Old man was rough and mean, but he sent me over there with that old man, and I stayed with him week after week after week. And that old man worked with me patiently, patiently, patiently. And I'd fall off, and he'd help me dust up, and he'd get me back on, and he'd tell me one more time. And the day arrived when I could go show my mare for the first time. And I'm gonna tell y'all right now, I was scared to death.
That's a scary thing. And I was literally terrified, which Shawnee O'Connell was the first show I ever went to. And I got to that cutting and rode in that arena, and my old teacher was there. Mister Pat showed up. And mister Pat rode up beside me, and at the cutting, there's these 2 men that set out in front and that's the turn back help.
And on either side of you sits a man, and that's the herd holder. Herd holder sits over and keeps the herd from swarming out on you once you got your cow cut, and they talk to you. And mister Patton Carl wrote up to me, and mister Patton said to me, now, June, you don't need to be afraid. You can ride that mare really good. Now here's what I want you to do.
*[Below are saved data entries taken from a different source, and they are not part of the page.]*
(* Let $X_1,X_2,\dots,X_n$ be a martingale with values in $\mathbb R^d$ and let $\mu_i$ be the marginal distribution of $X_i$. Then there exists a martingale $\tilde X_1,\dots,\tilde X_n$ with the Markov property such that the marginal distribution of $\tilde X_i$ is $\mu_i$ for all $i=1,\dots,n$. *)

theory Defs
  imports "HOL-Probability.Probability"
begin

definition nat_filtr :: "'w measure \<Rightarrow> (nat \<Rightarrow> 'w \<Rightarrow> 'a::topological_space) \<Rightarrow> nat \<Rightarrow> 'w measure" where
  "nat_filtr M X i = sigma (space M) (\<Union>j\<in>{1..i}. {X j -` A \<inter> space M | A. A \<in> sets borel})"

definition martingale :: "'w measure \<Rightarrow> (nat \<Rightarrow> 'w \<Rightarrow> 'a::euclidean_space) \<Rightarrow> nat \<Rightarrow> bool" where
  "martingale M X n \<longleftrightarrow>
     (\<forall>i\<in>{1..n}. integrable M (X i)) \<and>
     (\<forall>i. 1 \<le> i \<and> i < n \<longrightarrow>
        (\<forall>b\<in>Basis. AE \<omega> in M.
           real_cond_exp M (nat_filtr M X i) (\<lambda>\<omega>. X (Suc i) \<omega> \<bullet> b) \<omega> = X i \<omega> \<bullet> b))"

definition markov :: "'w measure \<Rightarrow> (nat \<Rightarrow> 'w \<Rightarrow> 'a::topological_space) \<Rightarrow> nat \<Rightarrow> bool" where
  "markov M X n \<longleftrightarrow>
     (\<forall>i. 1 \<le> i \<and> i < n \<longrightarrow>
        (\<forall>B\<in>sets borel. AE \<omega> in M.
           real_cond_exp M (nat_filtr M X i) (indicator (X (Suc i) -` B \<inter> space M)) \<omega> =
           real_cond_exp M (vimage_algebra (space M) (X i) borel) (indicator (X (Suc i) -` B \<inter> space M)) \<omega>))"

end

theory Submission
  imports Defs
begin

text \<open>The Markov martingale is the Markov chain on the path space whose initial law is that of
  X 1 and whose transition from time i to i + 1 is a regular conditional distribution K i of
  X (i + 1) given X i. Such kernels exist because a Euclidean space embeds Borel-isomorphically
  into [0, 1], where a conditional distribution function is assembled from Radon-Nikodym
  derivatives at the rationals and turned into a kernel by the quantile transform. Finally the
  tower property gives E[X (i + 1) | X i] = X i, so K i x has mean x for almost every x in the
  law of X i, which is exactly the martingale property of the chain.\<close>

section \<open>A Borel embedding of Euclidean space into the unit interval\<close>

lemma floor_double_minus_double_floor:
  fixes y :: real
  shows "of_int \<lfloor>2*y\<rfloor> - 2 * of_int \<lfloor>y\<rfloor> \<in> {0::real, 1}"
proof -
  have "2 * \<lfloor>y\<rfloor> \<le> \<lfloor>2*y\<rfloor>" by (simp add: le_floor_iff)
  moreover have "2*y < of_int (2 * \<lfloor>y\<rfloor> + 2)"
    using real_of_int_floor_add_one_gt[of y] by linarith
  then have "\<lfloor>2*y\<rfloor> < 2 * \<lfloor>y\<rfloor> + 2" by (simp add: floor_less_iff)
  ultimately have "\<lfloor>2*y\<rfloor> - 2 * \<lfloor>y\<rfloor> \<in> {0, 1}" by auto
  then show ?thesis by (auto simp flip: of_int_mult of_int_diff)
qed

definition bin_digit :: "nat \<Rightarrow> real \<Rightarrow> real" where
  "bin_digit k s = of_int \<lfloor>2^(Suc k) * s\<rfloor> - 2 * of_int \<lfloor>2^k * s\<rfloor>"

lemma bin_digit_01: "bin_digit k s \<in> {0, 1}"
  unfolding bin_digit_def using floor_double_minus_double_floor[of "2^k * s"] by (simp add: mult.assoc)

lemma sum_bin_digit: "(\<Sum>k<m. bin_digit k s / 2^(Suc k)) = of_int \<lfloor>2^m * s\<rfloor> / 2^m - of_int \<lfloor>s\<rfloor>"
proof (induction m)
  case (Suc m)
  have "bin_digit m s / 2^(Suc m) = of_int \<lfloor>2^(Suc m) * s\<rfloor> / 2^(Suc m) - of_int \<lfloor>2^m * s\<rfloor> / 2^m"
    unfolding bin_digit_def by (simp add: diff_divide_distrib)
  then show ?case using Suc by simp
qed simp

lemma bin_digit_sums:
  assumes "0 \<le> s" "s < 1"
  shows "(\<lambda>k. bin_digit k s / 2^(Suc k)) sums s"
proof -
  have "(\<lambda>m. of_int \<lfloor>2^m * s\<rfloor> / 2^m) \<longlonglongrightarrow> s"
  proof (rule LIMSEQ_I)
    fix r :: real assume "0 < r"
    then obtain N where N: "(1/2::real)^N < r" using real_arch_pow_inv[of r "1/2"] by auto
    have "norm (of_int \<lfloor>2^m * s\<rfloor> / 2^m - s) < r" if "N \<le> m" for m
    proof -
      have "norm (of_int \<lfloor>2^m * s\<rfloor> / 2^m - s) = (2^m * s - of_int \<lfloor>2^m * s\<rfloor>) / 2^m"
        by (simp add: field_simps)
      also have "\<dots> < 1 / 2^m"
        by (intro divide_strict_right_mono) (linarith, simp)
      also have "\<dots> = (1/2)^m" by (simp add: power_divide)
      also have "\<dots> \<le> (1/2)^N" using that by (intro power_decreasing) auto
      finally show ?thesis using N by simp
    qed
    then show "\<exists>no. \<forall>m\<ge>no. norm (of_int \<lfloor>2^m * s\<rfloor> / 2^m - s) < r" by blast
  qed
  moreover have "\<lfloor>s\<rfloor> = 0" using assms by (simp add: floor_eq_iff)
  ultimately show ?thesis unfolding sums_def sum_bin_digit by simp
qed

definition quat_digit :: "nat \<Rightarrow> real \<Rightarrow> real" where
  "quat_digit k t = of_int \<lfloor>4^(Suc k) * t\<rfloor> - 4 * of_int \<lfloor>4^k * t\<rfloor>"

lemma quarter_powers_sums: "(\<lambda>j. (1/4::real)^(Suc j)) sums (1/3)"
  using sums_mult[OF geometric_sums[of "1/4::real"], of "1/4"] by simp

lemma
  assumes "\<And>k. e k \<in> {0::real, 1}"
  shows summable_01_quat: "summable (\<lambda>j. e j / 4^(Suc j))"
    and suminf_01_quat_bounds: "0 \<le> (\<Sum>j. e j / 4^(Suc j))" "(\<Sum>j. e j / 4^(Suc j)) \<le> 1/3"
proof -
  have le: "e j / 4^(Suc j) \<le> (1/4)^(Suc j)" and nonneg: "0 \<le> e j / 4^(Suc j)" for j
    using assms[of j] by (auto simp: power_divide)
  show summ: "summable (\<lambda>j. e j / 4^(Suc j))"
    by (rule summable_comparison_test[OF _ sums_summable[OF quarter_powers_sums]])
      (metis abs_of_nonneg le nonneg real_norm_def)
  show "0 \<le> (\<Sum>j. e j / 4^(Suc j))" by (intro suminf_nonneg summ nonneg)
  show "(\<Sum>j. e j / 4^(Suc j)) \<le> 1/3"
    using suminf_le[OF le summ] quarter_powers_sums by (simp add: sums_iff)
qed

lemma quat_digit_suminf_01:
  assumes e: "\<And>k. e k \<in> {0::real, 1}"
  shows "quat_digit k (\<Sum>j. e j / 4^(Suc j)) = e k"
proof -
  define T where "T k = (\<Sum>j. e (j+k) / 4^(Suc j))" for k
  define t where "t = (\<Sum>j. e j / 4^(Suc j))"
  have e': "e (j+k) \<in> {0, 1}" for j k using e by simp
  \<comment> \<open>T k is the tail of the expansion; with digits 0 and 1 it stays in [0, 1/3], so it is the
    fractional part of 4^k t.\<close>
  have T_bounds: "0 \<le> T k \<and> T k \<le> 1/3" for k
    unfolding T_def using suminf_01_quat_bounds[OF e'] by simp
  have T_Suc: "T k = e k / 4 + T (Suc k) / 4" for k
  proof -
    have summ: "summable (\<lambda>j. e (j+k) / 4^(Suc j))" for k by (rule summable_01_quat[OF e'])
    have "T k = e k / 4 + (\<Sum>j. e (Suc j + k) / 4^(Suc (Suc j)))"
      unfolding T_def using suminf_split_head[OF summ[of k]] by simp
    also have "(\<Sum>j. e (Suc j + k) / 4^(Suc (Suc j))) = (\<Sum>j. e (j + Suc k) / 4^(Suc j)) / 4"
      by (subst suminf_divide[OF summ, symmetric]) (simp add: field_simps)
    finally show ?thesis unfolding T_def .
  qed
  have integral: "4^k * t - T k \<in> \<int>" for k
  proof (induction k)
    case 0 then show ?case by (simp add: T_def t_def)
  next
    case (Suc k)
    have "4^(Suc k) * t - T (Suc k) = 4 * (4^k * t - T k) + e k"
      using T_Suc[of k] by (simp add: field_simps)
    moreover have "e k \<in> \<int>" using e[of k] by auto
    ultimately show ?case using Suc.IH by (metis Ints_add Ints_mult Ints_numeral)
  qed
  have floor_eq: "of_int \<lfloor>4^k * t\<rfloor> = 4^k * t - T k" for k
  proof -
    obtain z where z: "4^k * t - T k = of_int z" using integral[of k] by (auto elim: Ints_cases)
    then have "\<lfloor>4^k * t\<rfloor> = z" using T_bounds[of k] by (intro floor_unique) auto
    then show ?thesis using z by simp
  qed
  have "quat_digit k t = 4 * T k - T (Suc k)" unfolding quat_digit_def floor_eq by (simp add: field_simps)
  also have "\<dots> = e k" using T_Suc[of k] by simp
  finally show ?thesis unfolding t_def .
qed

definition squash :: "real \<Rightarrow> real" where "squash c = (1 + c / (1 + \<bar>c\<bar>)) / 2"
definition unsquash :: "real \<Rightarrow> real" where "unsquash x = (2 * x - 1) / (1 - \<bar>2 * x - 1\<bar>)"

lemma squash_bounds: "0 < squash c" "squash c < 1"
proof -
  have "\<bar>c / (1 + \<bar>c\<bar>)\<bar> < 1" by (simp add: abs_divide)
  then have "-1 < c / (1 + \<bar>c\<bar>)" "c / (1 + \<bar>c\<bar>) < 1" by linarith+
  then show "0 < squash c" "squash c < 1" unfolding squash_def by auto
qed

lemma unsquash_squash: "unsquash (squash c) = c"
proof -
  have "2 * squash c - 1 = c / (1 + \<bar>c\<bar>)" unfolding squash_def by (simp add: field_simps)
  moreover have "1 - \<bar>c / (1 + \<bar>c\<bar>)\<bar> = 1 / (1 + \<bar>c\<bar>)" by (simp add: abs_divide field_simps)
  ultimately show ?thesis unfolding unsquash_def by simp
qed

text \<open>A point is encoded by interleaving the binary digits of its squashed coordinates (with
  respect to a list enumerating the basis) and reading the resulting 0/1 sequence in base 4:
  as the digits 2 and 3 never occur, the digits are recovered exactly, with none of the
  ambiguity of dyadic expansions.\<close>

definition unit_embed_digit :: "'a::euclidean_space list \<Rightarrow> 'a \<Rightarrow> nat \<Rightarrow> real" where
  "unit_embed_digit bs a k = bin_digit (k div length bs) (squash (a \<bullet> bs ! (k mod length bs)))"
(* Let $A$ be a synaptic algebra, $p,q\in P$, $r:=(p\vee q)\wedge(p\vee q^{\perp})\wedge(p^{\perp}\vee q)\wedge(p^{\perp}\vee q^{\perp})$, and let $c:=(pqp+p^{\perp}q^{\perp}p^{\perp})^{1/2}$ and $s:=(pq^{\perp}p+p^{\perp}qp^{\perp})^{1/2}$. Then: (i) $c^2=pqp+p^{\perp}q^{\perp}p^{\perp}=1-(p-q)^2=(p-q^{\perp})^2=(p+q-1)^2$; (ii) $s^2=pq^{\perp}p+p^{\perp}qp^{\perp}=(p-q)^2$; (iii) $pc^2=pqp=c^2p$, $qc^2=qpq=c^2q$, $ps^2=pq^{\perp}p=s^2p$, $qs^2=qp^{\perp}q=s^2q$, and $s^2p^{\perp}=p^{\perp}qp^{\perp}=p^{\perp}s^2$; (iv) $c=|p-q^{\perp}|$ and $s=|p-q|$; (v) $c^2+s^2=1$; (vi) $0\le c^2,s^2,c,s\le1$, $c^2\le c$ and $s^2\le s$; (vii) $C(c)=C(c^2)=C(s^2)=C(s)$; (viii) $cCp$, $cCq$, $cCr$, $sCp$, $sCq$, $sCr$ and $cCs$; (ix) $C(p)\cap C(q)\subseteq C(c)=C(s)$.
   Context: Synaptic algebra (Foulis): $R$ is a real linear associative algebra with unit $1$, and $A\subseteq R$ is a real linear subspace with $1\in A$. For $a,b\in A$ write $aCb$ iff $ab=ba$; $C(a):=\{b\in A: aCb\}$; $CC(a):=\{b\in A: bCd \text{ for all } d\in C(a)\}$. $A$ is a synaptic algebra with enveloping algebra $R$ iff: (SA1) $A$ is a partially ordered archimedean real linear space with positive cone $A^+$, $1$ is an order unit, $\|\cdot\|$ the order-unit norm; (SA2) $a\in A\Rightarrow a^2\in A^+$; (SA3) $a,b\in A^+\Rightarrow aba\in A^+$; (SA4) if $a\in A$, $b\in A^+$, $aba=0$ then $ab=ba=0$; (SA5) if $a\in A^+$ there is $b\in A^+\cap CC(a)$ with $b^2=a$; (SA6) for $a\in A$ there is $p=p^2\in A$ with $ab=0\Leftrightarrow pb=0$ for all $b\in A$; (SA7) if $1\le a$ there is $b\in A$ with $ab=ba=1$; (SA8) if $a,b\in A$, $a_1\le a_2\le\cdots$ are pairwise commuting elements of $C(b)$ with $\|a-a_n\|\to0$, then $a\in C(b)$. $A$ is nondegenerate. $P:=\{p\in A:p=p^2\}$ with the inherited order is an orthomodular lattice with $p^{\perp}:=1-p$, meet $\wedge$, join $\vee$. For $0\le a$, $a^{1/2}$ is the unique positive square root of $a$ in $A$; $|a|:=(a^2)^{1/2}$. ($c$ and $s$ are called the cosine and sine effects of $q$ with respect to $p$.) *)

theory Defs
  imports Main "HOL.Real_Vector_Spaces"
begin
lemma two_colouring_mem_colourings_iff:
  assumes fin: "finite V" and le2: "\<forall>v\<in>V. \<alpha> v \<le> 2" and S: "S \<subseteq> weight_set V \<alpha> 1"
  shows "two_colouring V \<alpha> S \<in> colourings V E \<alpha> (content2 p q) \<longleftrightarrow>
    card (weight_set V \<alpha> 2) + card S = p \<and>
    card (weight_set V \<alpha> 2) + card (weight_set V \<alpha> 1 - S) = q \<and> proper_two_colouring V E \<alpha> S"
proof -
  let ?\<kappa> = "two_colouring V \<alpha> S" and ?W = "weight_set V \<alpha>"
  have fin_W: "finite (?W k)" for k using fin by (simp add: weight_set_def)
  have "?W 2 \<inter> S = {}" using S by (auto simp: weight_set_def)
  then have colour1: "card {v\<in>V. 1 \<in> ?\<kappa> v} = card (?W 2) + card S"
    using S fin_W finite_subset[OF S]
    by (subst card_Un_disjoint[symmetric])
      (auto intro!: arg_cong[where f = card] simp: two_colouring_def weight_set_def)
  have colour2: "card {v\<in>V. 2 \<in> ?\<kappa> v} = card (?W 2) + card (?W 1 - S)"
    using fin_W
    by (subst card_Un_disjoint[symmetric])
      (auto intro!: arg_cong[where f = card] simp: two_colouring_def weight_set_def)
  have other_colours: "card {v\<in>V. j \<in> ?\<kappa> v} = 0" if "j \<noteq> 1" "j \<noteq> 2" for j
  proof -
    have e: "{v\<in>V. j \<in> ?\<kappa> v} = {}" using that by (auto simp: two_colouring_def)
    show ?thesis unfolding e by simp
  qed
  have "(\<forall>j. content2 p q j = card {v\<in>V. j \<in> ?\<kappa> v}) \<longleftrightarrow>
      card (?W 2) + card S = p \<and> card (?W 2) + card (?W 1 - S) = q"
    using colour1 colour2 other_colours by (auto simp: content2_def)
  moreover have "(\<forall>v\<in>V. \<forall>w\<in>V. E v w \<longrightarrow> ?\<kappa> v \<inter> ?\<kappa> w = {}) \<longleftrightarrow> proper_two_colouring V E \<alpha> S"
    using two_colouring_disjoint_iff le2 unfolding proper_two_colouring_def by metis
  moreover have "\<forall>v\<in>V. ?\<kappa> v \<subseteq> {1..} \<and> finite (?\<kappa> v) \<and> card (?\<kappa> v) = \<alpha> v"
    using le2 by (auto simp: two_colouring_def le_Suc_eq numeral_2_eq_2)
  ultimately show ?thesis by (auto simp: colourings_def two_colouring_def)
qed

lemma two_colouring_inj: "inj_on (two_colouring V \<alpha>) (Pow (weight_set V \<alpha> 1))"
proof (rule inj_onI)
  fix S S' assume S: "S \<in> Pow (weight_set V \<alpha> 1)" "S' \<in> Pow (weight_set V \<alpha> 1)"
    and eq: "two_colouring V \<alpha> S = two_colouring V \<alpha> S'"
  show "S = S'"
  proof (rule set_eqI)
    fix v
    show "v \<in> S \<longleftrightarrow> v \<in> S'"
    proof (cases "v \<in> weight_set V \<alpha> 1")
      case True
      then have "two_colouring V \<alpha> S v = two_colouring V \<alpha> S' v" using eq by simp
      then show ?thesis using True by (auto simp: two_colouring_def weight_set_def split: if_splits)
    qed (use S in auto)
  qed
qed

lemma sum_weights_le2:
  assumes "finite V" "\<forall>v\<in>V. \<alpha> v \<le> 2"
  shows "(\<Sum>v\<in>V. \<alpha> v) = 2 * card (weight_set V \<alpha> 2) + card (weight_set V \<alpha> 1)"
proof -
  have "(\<Sum>v\<in>V. \<alpha> v) = (\<Sum>v\<in>V. 2 * (if \<alpha> v = 2 then 1 else 0) + (if \<alpha> v = 1 then 1 else 0))"
    using assms(2) by (intro sum.cong) (auto simp: le_Suc_eq numeral_2_eq_2)
  also have "\<dots> = 2 * (\<Sum>v\<in>V. if \<alpha> v = 2 then 1 else 0) + (\<Sum>v\<in>V. if \<alpha> v = 1 then 1 else 0)"
    by (simp add: sum.distrib sum_distrib_left)
  also have "\<dots> = 2 * card (weight_set V \<alpha> 2) + card (weight_set V \<alpha> 1)"
    using assms(1) by (simp add: sum.If_cases weight_set_def Collect_conj_eq Int_commute)
  finally show ?thesis .
qed

text \<open>With weights at most 2, a colouring with colours 1, 2 only is determined by the set of
  weight-1 vertices coloured 1.\<close>

lemma colourings_content2_eq_image:
  assumes fin: "finite V" and le2: "\<forall>v\<in>V. \<alpha> v \<le> 2"
  shows "colourings V E \<alpha> (content2 p q) = two_colouring V \<alpha> ` {S. S \<subseteq> weight_set V \<alpha> 1 \<and>
    card (weight_set V \<alpha> 2) + card S = p \<and> card (weight_set V \<alpha> 2) + card (weight_set V \<alpha> 1 - S) = q
    \<and> proper_two_colouring V E \<alpha> S}"
    (is "?L = two_colouring V \<alpha> ` ?R")
proof
  show "?L \<subseteq> two_colouring V \<alpha> ` ?R"
  proof
    fix \<kappa> assume \<kappa>: "\<kappa> \<in> ?L"
    define S where "S = {v\<in>V. \<alpha> v = 1 \<and> \<kappa> v = {1}}"
    have S: "S \<subseteq> weight_set V \<alpha> 1" by (auto simp: S_def weight_set_def)
    have "\<kappa> = two_colouring V \<alpha> S"
      unfolding S_def by (rule colouring_content2_eq_two_colouring[OF fin le2 \<kappa>])
    then show "\<kappa> \<in> two_colouring V \<alpha> ` ?R"
      using \<kappa> S two_colouring_mem_colourings_iff[OF fin le2 S] by blast
  qed
  show "two_colouring V \<alpha> ` ?R \<subseteq> ?L"
    using two_colouring_mem_colourings_iff[OF fin le2] by blast
qed

lemma Xcoef_content2_eq_card_subsets:
  assumes fin: "finite V" and le2: "\<forall>v\<in>V. \<alpha> v \<le> 2" and pq: "p + q = (\<Sum>v\<in>V. \<alpha> v)"
  shows "Xcoef V E \<alpha> (content2 p q) = int (card {S. S \<subseteq> weight_set V \<alpha> 1 \<and>
    proper_two_colouring V E \<alpha> S \<and> int (card S) = int p - int (card (weight_set V \<alpha> 2))})"
proof -
  let ?W = "weight_set V \<alpha>"
  have fin_W: "finite (?W 1)" using fin by (simp add: weight_set_def)
  have sizes: "p + q = 2 * card (?W 2) + card (?W 1)" using pq sum_weights_le2[OF fin le2] by simp
  have "{S. S \<subseteq> ?W 1 \<and> card (?W 2) + card S = p \<and> card (?W 2) + card (?W 1 - S) = q
        \<and> proper_two_colouring V E \<alpha> S}
      = {S. S \<subseteq> ?W 1 \<and> proper_two_colouring V E \<alpha> S \<and> int (card S) = int p - int (card (?W 2))}"
  proof (rule Collect_cong)
    fix S
    show "(S \<subseteq> ?W 1 \<and> card (?W 2) + card S = p \<and> card (?W 2) + card (?W 1 - S) = q
          \<and> proper_two_colouring V E \<alpha> S)
      \<longleftrightarrow> (S \<subseteq> ?W 1 \<and> proper_two_colouring V E \<alpha> S \<and> int (card S) = int p - int (card (?W 2)))"
    proof (cases "S \<subseteq> ?W 1")
      case True
      have "card (?W 1 - S) = card (?W 1) - card S"
        using True fin_W by (simp add: card_Diff_subset finite_subset)
      moreover have "card S \<le> card (?W 1)" using True fin_W by (simp add: card_mono)
      ultimately show ?thesis using True sizes by auto
    qed auto
  qed
  moreover have "inj_on (two_colouring V \<alpha>) {S. S \<subseteq> ?W 1 \<and> card (?W 2) + card S = p
      \<and> card (?W 2) + card (?W 1 - S) = q \<and> proper_two_colouring V E \<alpha> S}"
    by (rule inj_on_subset[OF two_colouring_inj]) auto
  ultimately show ?thesis
    unfolding Xcoef_eq_card_colourings colourings_content2_eq_image[OF fin le2] by (simp add: card_image)
qed

section \<open>Symmetric unimodal sequences\<close>

definition binom_int :: "nat \<Rightarrow> int \<Rightarrow> int" where
  "binom_int e t = (if t < 0 then 0 else int (e choose nat t))"

definition sym_unimodal :: "int \<Rightarrow> (int \<Rightarrow> int) \<Rightarrow> bool" where
  "sym_unimodal M b \<longleftrightarrow> (\<forall>t. b t = b (M - t)) \<and> (\<forall>t. 2 * (t + 1) \<le> M \<longrightarrow> b t \<le> b (t + 1))"

lemma binom_int_nonneg: "0 \<le> binom_int e t"
  by (simp add: binom_int_def)

lemma binom_int_0: "binom_int 0 t = (if t = 0 then 1 else 0)"
  by (auto simp: binom_int_def)

lemma binom_int_Suc: "binom_int (Suc e) t = binom_int e t + binom_int e (t - 1)"
proof (cases "t \<le> 0")
  case False
  then have "nat t = Suc (nat (t - 1))" "0 \<le> t - 1" by simp_all
  then show ?thesis using False by (simp add: binom_int_def)
qed (auto simp: binom_int_def)

lemma card_subsets_card_eq_int:
  assumes "finite I"
  shows "int (card {J. J \<subseteq> I \<and> int (card J) = x}) = binom_int (card I) x"
proof (cases "x < 0")
  case True
  then have "{J. J \<subseteq> I \<and> int (card J) = x} = {}" by auto
  then show ?thesis using True by (simp add: binom_int_def)
next
  case False
  then have "{J. J \<subseteq> I \<and> int (card J) = x} = {J. J \<subseteq> I \<and> card J = nat x}" by auto
  then show ?thesis using False n_subsets[OF assms, of "nat x"] by (simp add: binom_int_def)
qed

lemma sym_unimodal_decreasing:
  assumes "sym_unimodal M b" "M \<le> 2 * t"
  shows "b (t + 1) \<le> b t"
proof -
  have sym: "\<forall>t. b t = b (M - t)" and up: "\<forall>t. 2 * (t + 1) \<le> M \<longrightarrow> b t \<le> b (t + 1)"
    using assms(1) by (auto simp: sym_unimodal_def)
  have "2 * (M - t - 1 + 1) \<le> M" using assms(2) by simp
  then have "b (M - t - 1) \<le> b (M - t - 1 + 1)" using up by blast
  then show ?thesis using sym[rule_format, of "t + 1"] sym[rule_format, of t] by (simp add: algebra_simps)
qed

lemma sym_unimodal_scale: "sym_unimodal M b \<Longrightarrow> 0 \<le> c \<Longrightarrow> sym_unimodal M (\<lambda>t. c * b t)"
  unfolding sym_unimodal_def by (auto intro: mult_left_mono)

lemma sym_unimodal_pascal:
  assumes "sym_unimodal M b"
  shows "sym_unimodal (M + 1) (\<lambda>t. b t + b (t - 1))"
proof -
  have sym: "\<forall>t. b t = b (M - t)" and up: "\<forall>t. 2 * (t + 1) \<le> M \<longrightarrow> b t \<le> b (t + 1)"
    using assms by (auto simp: sym_unimodal_def)
  have "b t + b (t - 1) = b (M + 1 - t) + b (M + 1 - t - 1)" for t
    using sym[rule_format, of t] sym[rule_format, of "t - 1"] by (simp add: algebra_simps)
  moreover have "b t + b (t - 1) \<le> b (t + 1) + b (t + 1 - 1)" if "2 * (t + 1) \<le> M + 1" for t
  proof -
    have "b (t - 1) \<le> b (t + 1)"
    proof (cases "2 * (t + 1) \<le> M")
      case True
      then show ?thesis using up[rule_format, of "t - 1"] up[rule_format, of t] by simp
    next
      case False
      then have "M = 2 * t + 1" using that by simp
      then show ?thesis using up[rule_format, of "t - 1"] sym[rule_format, of t] by simp
    qed
    then show ?thesis by simp
  qed
  ultimately show ?thesis unfolding sym_unimodal_def by blast
qed
lemma OPT_attained:
  assumes "finite G"
  obtains N where "is_matching G N" "card N = OPT G"
proof -
  have "{card M | M. is_matching G M} \<subseteq> card ` Pow G" unfolding is_matching_def by auto
  then have "finite {card M | M. is_matching G M}" by (rule finite_subset) (simp add: assms)
  moreover have "{card M | M. is_matching G M} \<noteq> {}" unfolding is_matching_def by auto
  ultimately have "OPT G \<in> {card M | M. is_matching G M}" unfolding OPT_def by (rule Max_in)
  then show ?thesis using that by auto
qed

theorem theorem1:
  fixes k :: nat and Ls :: "'a list" and R :: "'a set" and E :: "'a set set"
    and Ms :: "nat \<Rightarrow> 'a set set"
  assumes "even k" and "k \<ge> 2"
    and "bip_instance Ls R E"
    and "alg_run k Ls E Ms"
    and "t \<le> length Ls"
  shows "real (card (Ms t)) \<ge> (1 - 2 / (real k + 2)) * real (OPT (revealed Ls E t))"
proof -
  define G where "G = revealed Ls E t"
  obtain j where k: "k = 2 * j" using assms(1) by blast
  have G: "finite G" "simple_graph G" using revealed_simple_graph[OF assms(3)] unfolding G_def by blast+
  have M: "is_matching G (Ms t)" "no_short_augmenting_path (2 * j) G (Ms t)"
    using alg_run_invariant[OF assms(3-5)] k unfolding G_def by auto
  obtain N where N: "is_matching G N" "card N = OPT G" using OPT_attained[OF G(1)] by blast
  have "j * card N \<le> j * card (Ms t) + card (Ms t - N)"
    using matching_deficiency[OF G M(1) N(1) M(2)] .
  also have "\<dots> \<le> (j + 1) * card (Ms t)"
  proof -
    have "finite (Ms t)" using M(1) G(1) finite_subset unfolding is_matching_def by auto
    then show ?thesis by (simp add: card_mono)
  qed
  finally have "real (j * card N) \<le> real ((j + 1) * card (Ms t))" by (simp only: of_nat_le_iff)
  then have le: "real j * card N \<le> (real j + 1) * card (Ms t)" by (simp add: algebra_simps)
  have "(1 - 2 / (real k + 2)) * OPT (revealed Ls E t) = real j * card N / (real j + 1)"
    using k N(2) unfolding G_def by (simp add: field_simps)
  also have "\<dots> \<le> card (Ms t)" using le by (simp add: divide_le_eq algebra_simps)
  finally show ?thesis .
qed

end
You scrooch way down in there on your pockets. You take a deep seat, and you get hold of that horn, and you relax. You put that mare's head down, and you let her work, and don't try to help her. You trust that mare, and don't try to help her. And now if you will just listen, he said, I'll be in this corner, and Carl's gonna be in that corner, and we're gonna talk you through this.
And I was talking one time, and that thought came to my head. And I thought, you know, that's the story in a nutshell. My god says to me, June, I give you the very best set of tools there is, and that's all these books we have and these tapes we have and these places like this. And I have sent you to the masters, and that's you all, That's you people that stood up last night with the long term sobriety and the long years in Al Anon, my teachers, the ones that walk before me. I have sent you to the master's gym, and here's what you need to do.
You just go in there today and you take a deep seat and you relax and don't try to help me. You just listen, June, and press me, and I'm gonna talk you through it. And oh, lord. He talks me through it every day, and he'll talk you through it too. But it's kinda like Rick was talking about this morning.
You've got to invite him in. You've got to invite him in because if there's one thing that my god gave to me and to you, it was the free will to decide. And, see, I had to go a long time and leave a big swath of damage behind me before I learned that I don't have the right to impose my will on a single solitary soul. Not my kid, not my husband, not anybody. All I had to do is be responsible for myself to my god who comes in, and I ask him, and talks me through it.
And he'll talk me through it too, but you gotta ask him. Thank you.